(* Let $0\le t\le 1$ and $u>0$, and let $D=\mathrm{DASEP}(3,3,2)$ with stationary distribution $\mathrm{Pd}$. Suppose that for every partition $\lambda$ with $\lambda_1\le 3$ and exactly $2$ nonzero parts, and all $\mu,\nu\in S_3(\lambda)$, we have $$\frac{\Pr_\lambda(\mu)}{\Pr_\lambda(\nu)}=\frac{\mathrm{Pd}(\mu)}{\mathrm{Pd}(\nu)}.$$ Then $t=1$.
   Context: For a partition $\lambda=(\lambda_1\ge\dots\ge\lambda_n\ge 0)$ of nonnegative integers, $S_n(\lambda)$ denotes the set of all distinct rearrangements of $\lambda$, viewed as words $(\mu_1,\dots,\mu_n)$ whose positions $1,\dots,n$ lie on a circle. Fix $0\le t\le 1$. ASEP($\lambda$) is the Markov chain on $S_n(\lambda)$ with transition probabilities $P_{\mu,\nu}$ defined as follows. If $\mu$ has entries $i\ne j$ in adjacent positions $k,k+1$ ($1\le k\le n-1$) and $\nu$ is obtained from $\mu$ by swapping them, then $P_{\mu,\nu}=t/n$ if $i>j$ and $P_{\mu,\nu}=1/n$ if $i<j$. If $\mu=(i,\mu_2,\dots,\mu_{n-1},j)$ with $i\ne j$ and $\nu=(j,\mu_2,\dots,\mu_{n-1},i)$, then $P_{\mu,\nu}=t/n$ if $j>i$ and $P_{\mu,\nu}=1/n$ if $i>j$. All other off-diagonal transition probabilities are $0$, and the diagonal entries are chosen so that each row sums to $1$. $\Pr_\lambda$ denotes the stationary distribution of ASEP($\lambda$). Fix also $u>0$. For positive integers $n,p,q$ with $n>q$, DASEP$(n,p,q)$ is the Markov chain on the set of words in $\{0,1,\dots,p\}^n$ with exactly $q$ nonzero entries (equivalently, the union of $S_n(\lambda)$ over partitions $\lambda$ with $\lambda_1\le p$ and exactly $q$ nonzero parts). Its transition probabilities are as follows. The two swap rules of ASEP apply, with probabilities $t/(3n)$ and $1/(3n)$ in place of $t/n$ and $1/n$. Replacing a single entry $i$ with $1\le i\le p-1$ by $i+1$ has probability $u/(3n)$. Replacing a single entry $i+1$ with $i\ge 1$ by $i$ has probability $1/(3n)$. All other off-diagonal transition probabilities are $0$, and the diagonal entries make each row sum to $1$. $\mathrm{Pd}$ denotes the stationary distribution of the DASEP. *)

theory Defs
  imports Complex_Main "HOL-Library.Multiset"
begin

(* Words are lists of naturals; positions 1..n of the paper are list indices 0..n-1. *)

definition chain_P :: "'a set \<Rightarrow> ('a \<Rightarrow> 'a \<Rightarrow> real) \<Rightarrow> 'a \<Rightarrow> 'a \<Rightarrow> real" where
  "chain_P S R x y = (if x = y then 1 - (\<Sum>z\<in>S - {x}. R x z) else R x y)"

definition stationary :: "'a set \<Rightarrow> ('a \<Rightarrow> 'a \<Rightarrow> real) \<Rightarrow> ('a \<Rightarrow> real) \<Rightarrow> bool" where
  "stationary S R w \<longleftrightarrow>
     (\<forall>x\<in>S. 0 \<le> w x) \<and> (\<Sum>x\<in>S. w x) = 1 \<and>
     (\<forall>y\<in>S. (\<Sum>x\<in>S. w x * chain_P S R x y) = w y)"
lemma available_ratio:
  assumes i: "i < n" and m: "m < n"
  shows "real (m + 1) * (\<Sum>\<sigma>\<in>orderings n. of_bool (i \<notin> set (take m \<sigma>) \<and> x \<in> remaining u {..<n} (take m \<sigma>)))
           \<le> real n * (\<Sum>\<sigma>\<in>orderings n. of_bool (x \<in> remaining u {..<n} (predecessors \<sigma> i)))"
proof -
  define X where "X = (\<Sum>\<tau>\<in>orderings_without n i. of_bool (x \<in> remaining u {..<n} (take m \<tau>)) :: real)"
  have "real (m + 1) * (\<Sum>\<sigma>\<in>orderings n. of_bool (i \<notin> set (take m \<sigma>) \<and> x \<in> remaining u {..<n} (take m \<sigma>)))
      \<le> real (m + 1) * (real n * X)"
    unfolding X_def by (intro mult_left_mono count_available_late i) simp
  also have "\<dots> = real n * (real (m + 1) * X)" by simp
  also have "\<dots> \<le> real n * (\<Sum>\<sigma>\<in>orderings n. of_bool (x \<in> remaining u {..<n} (predecessors \<sigma> i)))"
    unfolding X_def by (intro mult_left_mono count_available_at_turn i m) simp
  finally show ?thesis .
qed

lemma finite_orderings: "finite (orderings n)"
proof -
  have "orderings n \<subseteq> {xs. set xs \<subseteq> {..<n} \<and> distinct xs}" unfolding orderings_def by auto
  then show ?thesis using finite_subset_distinct[of "{..<n}"] finite_subset by blast
qed

lemma card_orderings_pos: "0 < card (orderings n)"
proof -
  have "[0..<n] \<in> orderings n" unfolding orderings_def by auto
  then show ?thesis using finite_orderings card_gt_0_iff by blast
qed

lemma sum_orderings_RP:
  "(\<Sum>\<sigma>\<in>orderings n. welfare n u (RP n u \<sigma>)) = real (card (orderings n)) * RP_expected_welfare n u"
  unfolding RP_expected_welfare_def using card_orderings_pos[of n] by simp

text \<open>Average the prefix bound over all orderings, exchange the sums over agents and
  orderings, apply the availability ratio agentwise, and compare with RP's welfare.\<close>

lemma outcome_welfare_bound:
  assumes u: "u \<in> profiles n" and \<mu>: "\<mu> \<in> outcomes n" and m: "m < n"
  shows "real (m + 1) * (welfare n u \<mu> - 2 * real m) \<le> real n * RP_expected_welfare n u"
proof -
  define N where "N = real (card (orderings n))"
  define w where "w i = u i (\<mu> i)" for i
  define late where "late i \<sigma> = (of_bool (i \<notin> set (take m \<sigma>) \<and> \<mu> i \<in> remaining u {..<n} (take m \<sigma>)) :: real)"
    for i \<sigma>
  define timely where "timely i \<sigma> = (of_bool (\<mu> i \<in> remaining u {..<n} (predecessors \<sigma> i)) :: real)" for i \<sigma>
  have w: "0 \<le> w i" if "i < n" for i
    using profile_range[OF u that] \<mu> that unfolding w_def outcomes_def by (auto dest: bij_betwE)
  have "N * (real (m + 1) * (welfare n u \<mu> - 2 * real m))
      = real (m + 1) * (\<Sum>\<sigma>\<in>orderings n. welfare n u \<mu> - 2 * real (length (take m \<sigma>)))"
    using length_orderings[of _ n] m unfolding N_def by (simp add: min_def)
  also have "\<dots> \<le> real (m + 1) * (\<Sum>\<sigma>\<in>orderings n. \<Sum>i<n. late i \<sigma> * w i)"
    unfolding late_def w_def
    by (intro mult_left_mono sum_mono welfare_loss_after_prefix[OF u \<mu>]) simp
  also have "\<dots> = (\<Sum>i<n. w i * (real (m + 1) * (\<Sum>\<sigma>\<in>orderings n. late i \<sigma>)))"
    by (subst sum.swap) (simp add: sum_distrib_left sum_distrib_right mult_ac)
  also have "\<dots> \<le> (\<Sum>i<n. w i * (real n * (\<Sum>\<sigma>\<in>orderings n. timely i \<sigma>)))"
    unfolding late_def timely_def using available_ratio[OF _ m] w
    by (intro sum_mono mult_left_mono) simp_all
  also have "\<dots> = real n * (\<Sum>\<sigma>\<in>orderings n. \<Sum>i<n. timely i \<sigma> * w i)"
    by (subst sum.swap) (simp add: sum_distrib_left sum_distrib_right mult_ac)
  also have "\<dots> \<le> real n * (\<Sum>\<sigma>\<in>orderings n. welfare n u (RP n u \<sigma>))"
    unfolding timely_def w_def
    by (intro mult_left_mono sum_mono welfare_RP_ge_available[OF u]) simp_all
  also have "\<dots> = N * (real n * RP_expected_welfare n u)"
    unfolding sum_orderings_RP N_def by simp
  finally show ?thesis
    using card_orderings_pos[of n] unfolding N_def by (simp add: mult_le_cancel_left_pos)
qed
(* Let $Config=(R,F,M,I)$ be a configuration of legal rules and let $ASP_{Config}$ be its answer set program encoding (both defined in the context). Let $A_{Config}$ be any answer set (stable model) of $ASP_{Config}$, and let $S_{A_{Config}}$ be the set of all atoms of the forms $is\_legal(\cdot)$ and $legally\_valid(\cdot,\cdot)$ belonging to $A_{Config}$. Then $S_{A_{Config}}$ is a legal model of $Config$.
   Context: A configuration is a tuple $Config=(R,F,M,I)$ where: $R$ is a finite set of rules, each rule $r$ having a unique integer id (also denoted $r$), a precondition $pre\_con(r)$ which is a conjunction $b_1\wedge\dots\wedge b_m\wedge not\ b_{m+1}\wedge\dots\wedge not\ b_n$ of ground atoms and negation-as-failure literals, and a conclusion $C_r$ which is a single ground atom; $F$ is a finite set of ground atoms (facts); $M$ is a finite set of ground atoms of the forms $despite(r_i,r_j)$, $subject\_to(r_i,r_j)$, $strong\_subject\_to(r_i,r_j)$ with $r_i,r_j$ rule ids; $I$ is a finite collection of finite sets of ground atoms ("minimal inconsistent sets"), each containing at least 2 atoms. For a set $S$ of atoms, $S\models is\_legal(pre\_con(r))$ means: $is\_legal(b_i)\in S$ for every positive atom $b_i$ of $pre\_con(r)$ and $is\_legal(b_j)\notin S$ for every negated atom $not\ b_j$; for a set of atoms $A$, $is\_legal(A)=\{is\_legal(a): a\in A\}$. A set $S$ of atoms of the forms $is\_legal(c)$ and $legally\_valid(r,c)$ is a legal model of $Config$ iff: (A1) $is\_legal(f)\in S$ for all $f\in F$; (A2) for all $r\in R$, if $legally\_valid(r,C_r)\in S$ then $S\models is\_legal(pre\_con(r))$ and $is\_legal(C_r)\in S$; (A3) for all $c$, if $is\_legal(c)\in S$ then $c\in F$ or there is $r\in R$ with $legally\_valid(r,C_r)\in S$ and $c=C_r$; (A4) for all $r_i,r_j\in R$, if $despite(r_i,r_j)\in M$ and $S\models is\_legal(pre\_con(r_j))$ then $legally\_valid(r_i,C_{r_i})\notin S$; (A5) for all $r_i,r_j\in R$, if $strong\_subject\_to(r_i,r_j)\in M$ and $legally\_valid(r_i,C_{r_i})\in S$ then $legally\_valid(r_j,C_{r_j})\notin S$; (A6) for all $r_i,r_j\in R$, if $subject\_to(r_i,r_j)\in M$, $legally\_valid(r_i,C_{r_i})\in S$, and there is $k\in I$ containing $C_{r_i}$ and $C_{r_j}$ as two distinct elements with $is\_legal(k\setminus\{C_{r_j}\})\subseteq S$, then $legally\_valid(r_j,C_{r_j})\notin S$; (A7) for all $r\in R$, if $S\models is\_legal(pre\_con(r))$ but $legally\_valid(r,C_r)\notin S$, then this exclusion is forced by one of (A4)–(A6), i.e. there is $r'\in R$ such that either $despite(r,r')\in M$ and $S\models is\_legal(pre\_con(r'))$; or $strong\_subject\_to(r',r)\in M$ and $legally\_valid(r',C_{r'})\in S$; or $subject\_to(r',r)\in M$, $legally\_valid(r',C_{r'})\in S$ and some $k\in I$ contains $C_{r'}$ and $C_r$ as distinct elements with $is\_legal(k\setminus\{C_r\})\subseteq S$. The program $ASP_{Config}$ (atoms of the configuration are used as ground terms; $R,C,R1,C1,X,Y$ are variables; $not$ is negation as failure) consists of: the fact $is\_legal(f).$ for each $f\in F$; each element of $M$ as a fact; for each rule $r$ with $pre\_con(r)=b_1\wedge\dots\wedge b_m\wedge not\ b_{m+1}\wedge\dots\wedge not\ b_n$ the rule $according\_to(r,C_r)\leftarrow is\_legal(b_1),\dots,is\_legal(b_m),not\ is\_legal(b_{m+1}),\dots,not\ is\_legal(b_n).$; for each $k=\{a_1,\dots,a_n\}\in I$ and each $1\le i<j\le n$ the rule $opposes(a_i,a_j)\leftarrow is\_legal(a_l)$ for all $l\notin\{i,j\}$; and the rules $opposes(X,Y)\leftarrow opposes(Y,X).$ $defeated(R,C,R1)\leftarrow according\_to(R,C),according\_to(R1,C1),despite(R,R1).$ $defeated(R,C,R1)\leftarrow according\_to(R,C),legally\_valid(R1,C1),opposes(C,C1),subject\_to(R1,R).$ $defeated(R,C,R1)\leftarrow according\_to(R,C),legally\_valid(R1,C1),strong\_subject\_to(R1,R).$ $not\_legally\_valid(R)\leftarrow defeated(R,C,R1).$ $legally\_valid(R,C)\leftarrow according\_to(R,C),not\ not\_legally\_valid(R).$ $is\_legal(C)\leftarrow legally\_valid(R,C).$ Answer sets are the stable models of (the ground instantiation of) this program under the standard stable model semantics. *)

theory Defs
  imports Main
begin

datatype 'r meta = Despite 'r 'r | SubjectTo 'r 'r | StrongSubjectTo 'r 'r

text \<open>Rules are identified by their ids (type 'r);
  each rule r has a precondition given by its positive atoms pre_pos r
  (b_1..b_m) and its negated atoms pre_neg r (b_{m+1}..b_n), and a conclusion concl r.\<close>
record ('a, 'r) config =
  rules   :: "'r set"
  pre_pos :: "'r \<Rightarrow> 'a set"
  pre_neg :: "'r \<Rightarrow> 'a set"
  concl   :: "'r \<Rightarrow> 'a"
  facts   :: "'a set"
  meta    :: "'r meta set"
  incons  :: "'a set set"

definition wf_config :: "('a, 'r) config \<Rightarrow> bool" where
  "wf_config Cfg \<longleftrightarrow>
     finite (rules Cfg) \<and> finite (facts Cfg) \<and> finite (meta Cfg) \<and> finite (incons Cfg) \<and>
     (\<forall>r \<in> rules Cfg. finite (pre_pos Cfg r) \<and> finite (pre_neg Cfg r)) \<and>
     (\<forall>k \<in> incons Cfg. finite k \<and> card k \<ge> 2) \<and>
     (\<forall>m \<in> meta Cfg. case m of
         Despite ri rj \<Rightarrow> ri \<in> rules Cfg \<and> rj \<in> rules Cfg
       | SubjectTo ri rj \<Rightarrow> ri \<in> rules Cfg \<and> rj \<in> rules Cfg
       | StrongSubjectTo ri rj \<Rightarrow> ri \<in> rules Cfg \<and> rj \<in> rules Cfg)"

datatype ('a, 'r) gatom =
    IsLegal 'a
  | LegallyValid 'r 'a
  | AccordingTo 'r 'a
  | Opposes 'a 'a
  | Defeated 'r 'a 'r
  | NotLegallyValid 'r
  | Meta "'r meta"

text \<open>A ground rule: head, positive body, negative (default-negated) body.\<close>
type_synonym ('a, 'r) grule = "('a, 'r) gatom \<times> ('a, 'r) gatom set \<times> ('a, 'r) gatom set"

definition reduct :: "('a, 'r) grule set \<Rightarrow> ('a, 'r) gatom set
                       \<Rightarrow> (('a, 'r) gatom \<times> ('a, 'r) gatom set) set" where
  "reduct P A = {(h, pos). \<exists>neg. (h, pos, neg) \<in> P \<and> neg \<inter> A = {}}"

definition closed_under :: "(('a, 'r) gatom \<times> ('a, 'r) gatom set) set \<Rightarrow> ('a, 'r) gatom set \<Rightarrow> bool" where
  "closed_under Q S \<longleftrightarrow> (\<forall>(h, pos) \<in> Q. pos \<subseteq> S \<longrightarrow> h \<in> S)"

definition least_model :: "(('a, 'r) gatom \<times> ('a, 'r) gatom set) set \<Rightarrow> ('a, 'r) gatom set" where
  "least_model Q = \<Inter>{S. closed_under Q S}"

definition answer_set :: "('a, 'r) grule set \<Rightarrow> ('a, 'r) gatom set \<Rightarrow> bool" where
  "answer_set P A \<longleftrightarrow> A = least_model (reduct P A)"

........

• _Description of the task_:
Everything starting at the line containing "using card_orderings_pos[of n] unfolding" and ending at the line containing "(* Let $Config=(R,F,M,I)$" in the records above should be repeated exactly, and only that.

• _Answer below_:
    using card_orderings_pos[of n] unfolding N_def by (simp add: mult_le_cancel_left_pos)
qed
(* Let $Config=(R,F,M,I)$ be a configuration of legal rules and let $ASP_{Config}$ be its answer set program encoding (both defined in the context). Let $A_{Config}$ be any answer set (stable model) of $ASP_{Config}$, and let $S_{A_{Config}}$ be the set of all atoms of the forms $is\_legal(\cdot)$ and $legally\_valid(\cdot,\cdot)$ belonging to $A_{Config}$. Then $S_{A_{Config}}$ is a legal model of $Config$.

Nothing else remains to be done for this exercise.